About this task:
For each line in the data below that has the word "lemma", copy that line.

Stored items:
⟨
section \<open>Soundness and completeness\<close>

theorem infer_sound:
  assumes "infer \<Phi> V \<rho> \<tau>" "so_subst \<xi>" "is_model J \<xi> \<Phi>"
  shows "subty J (subst_t \<xi> \<rho>) (subst_t \<xi> \<tau>)"
  using assms
proof (induction arbitrary: \<xi> rule: infer.induct)
  case (inf_base a b B)
  then show ?case by (auto simp: is_model_def intro: subty.sub_base)
next
  case (inf_prod \<Phi>1 V1 r1 r3 \<Phi>2 V2 r2 r4)
  then show ?case by (auto simp: is_model_Un intro: subty.sub_prod)
next
  case (inf_arr \<Phi>1 V1 s2 s1 \<Phi>2 V2 r1 r2)
  then show ?case by (auto simp: is_model_Un intro: subty.sub_arr)
next
  case (inf_all \<Phi> V s1 "is" s2 as)
  let ?\<xi>' = "pad_zero (set as) \<xi>"
  define bs where "bs = map (\<lambda>\<alpha>. the (?\<xi>' \<alpha>)) as"
  have ss': "so_subst ?\<xi>'" using inf_all.prems(1) by (rule so_subst_pad_zero)
  have "subty J (subst_t ?\<xi>' (inst s1 (map IV is))) (subst_t ?\<xi>' (inst s2 (map SV as)))"
    using inf_all.IH[OF ss'] inf_all.prems(2) is_model_map_le map_le_pad_zero is_model_Un
    by blast
  moreover have "subst_t ?\<xi>' s = subst_t \<xi> s" if "s \<in> {s1, s2}" for s
    using that inf_all.hyps(7) by (intro subst_t_cong pad_zero_outside) blast
  moreover have "subst_i ?\<xi>' (SV \<alpha>) = the (?\<xi>' \<alpha>)" if "\<alpha> \<in> set as" for \<alpha>
    using that by (auto simp: pad_zero_def map_add_def split: option.split)
  then have "map (subst_i ?\<xi>') (map SV as) = bs"
    by (simp add: bs_def)
  ultimately have sub: "subty J (inst (subst_t \<xi> s1) (map IV is)) (inst (subst_t \<xi> s2) bs)"
    by (simp add: subst_t_inst[OF ss'] comp_def del: map_map)
  have ground: "\<forall>b\<in>set bs. ground_i b"
    using ss' unfolding bs_def so_subst_def by (auto simp: pad_zero_def map_add_def split: option.split)
  have "i \<notin> fv_i (the (\<xi> \<alpha>))" if "i \<in> set is" "\<alpha> \<in> sov_t s1 \<union> sov_t s2" for i \<alpha>
    using inf_all.prems(2) that unfolding is_model_def by blast
  then have fresh: "set is \<inter> (fv_t (subst_t \<xi> s1) \<union> fv_t (subst_t \<xi> s2)) = {}"
    using inf_all.hyps(4) by (auto simp: fv_subst_t)
  show ?case
    using subty.sub_all[OF inf_all.hyps(2) _ fresh _ ground sub] inf_all.hyps(3,6)
    by (simp add: bs_def)
qed

lemma infer_finite: "infer \<Phi> V \<rho> \<tau> \<Longrightarrow> finite V"
  by (induction rule: infer.induct) (auto simp: finite_sov_i)

lemma obtain_fresh_list:
  fixes F :: "nat set"
  assumes "finite F"
  obtains xs where "distinct xs" "length xs = n" "set xs \<inter> F = {}"
proof
  let ?m = "Suc (Max (insert 0 F))"
  have "\<forall>x\<in>F. x < ?m" using assms by (simp add: le_imp_less_Suc)
  then show "set [?m..<?m + n] \<inter> F = {}" by auto
qed simp_all

lemma map_add_join:
  assumes dom: "dom \<xi> = S1 \<union> S2" and le1: "\<xi> |` S1 \<subseteq>\<^sub>m \<xi>1" and le2: "\<xi> |` S2 \<subseteq>\<^sub>m \<xi>2"
    and overlap: "dom \<xi>1 \<inter> dom \<xi>2 \<subseteq> S1 \<inter> S2"
  shows "\<xi> \<subseteq>\<^sub>m \<xi>1 ++ \<xi>2" "\<xi>1 \<subseteq>\<^sub>m \<xi>1 ++ \<xi>2"
proof -
  have agree1: "\<xi>1 x = \<xi> x" "x \<in> dom \<xi>1" if "x \<in> S1" for x
  proof -
    have "x \<in> dom (\<xi> |` S1)" using that dom by auto
    then have "\<xi>1 x = \<xi> x" using le1 that unfolding map_le_def by auto
    moreover have "x \<in> dom \<xi>" using that dom by auto
    ultimately show "\<xi>1 x = \<xi> x" "x \<in> dom \<xi>1" by (auto simp: dom_def)
  qed
  have agree2: "\<xi>2 x = \<xi> x" "x \<in> dom \<xi>2" if "x \<in> S2" for x
  proof -
    have "x \<in> dom (\<xi> |` S2)" using that dom by auto
    then have "\<xi>2 x = \<xi> x" using le2 that unfolding map_le_def by auto
    moreover have "x \<in> dom \<xi>" using that dom by auto
    ultimately show "\<xi>2 x = \<xi> x" "x \<in> dom \<xi>2" by (auto simp: dom_def)
  qed
  show "\<xi> \<subseteq>\<^sub>m \<xi>1 ++ \<xi>2"
    unfolding map_le_def
  proof
    fix x assume x: "x \<in> dom \<xi>"
    show "\<xi> x = (\<xi>1 ++ \<xi>2) x"
    proof (cases "x \<in> dom \<xi>2")
      case True
      then have "x \<in> S2" using x dom agree1(2) overlap by blast
      with True show ?thesis by (simp add: map_add_dom_app_simps agree2)
    next
      case False
      then have "x \<in> S1" using x dom agree2(2) by blast
      with False show ?thesis by (simp add: map_add_dom_app_simps agree1)
    qed
  qed
  show "\<xi>1 \<subseteq>\<^sub>m \<xi>1 ++ \<xi>2"
    unfolding map_le_def
  proof
    fix x assume x: "x \<in> dom \<xi>1"
    show "\<xi>1 x = (\<xi>1 ++ \<xi>2) x"
    proof (cases "x \<in> dom \<xi>2")
      case True
      then have "x \<in> S1 \<inter> S2" using x overlap by blast
      with True show ?thesis by (simp add: map_add_dom_app_simps agree1 agree2)
    qed (simp add: map_add_dom_app_simps)
  qed
qed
⟩
Answer space:
lemma infer_finite: "infer \<Phi> V \<rho> \<tau> \<Longrightarrow> finite V"
lemma obtain_fresh_list:
lemma map_add_join:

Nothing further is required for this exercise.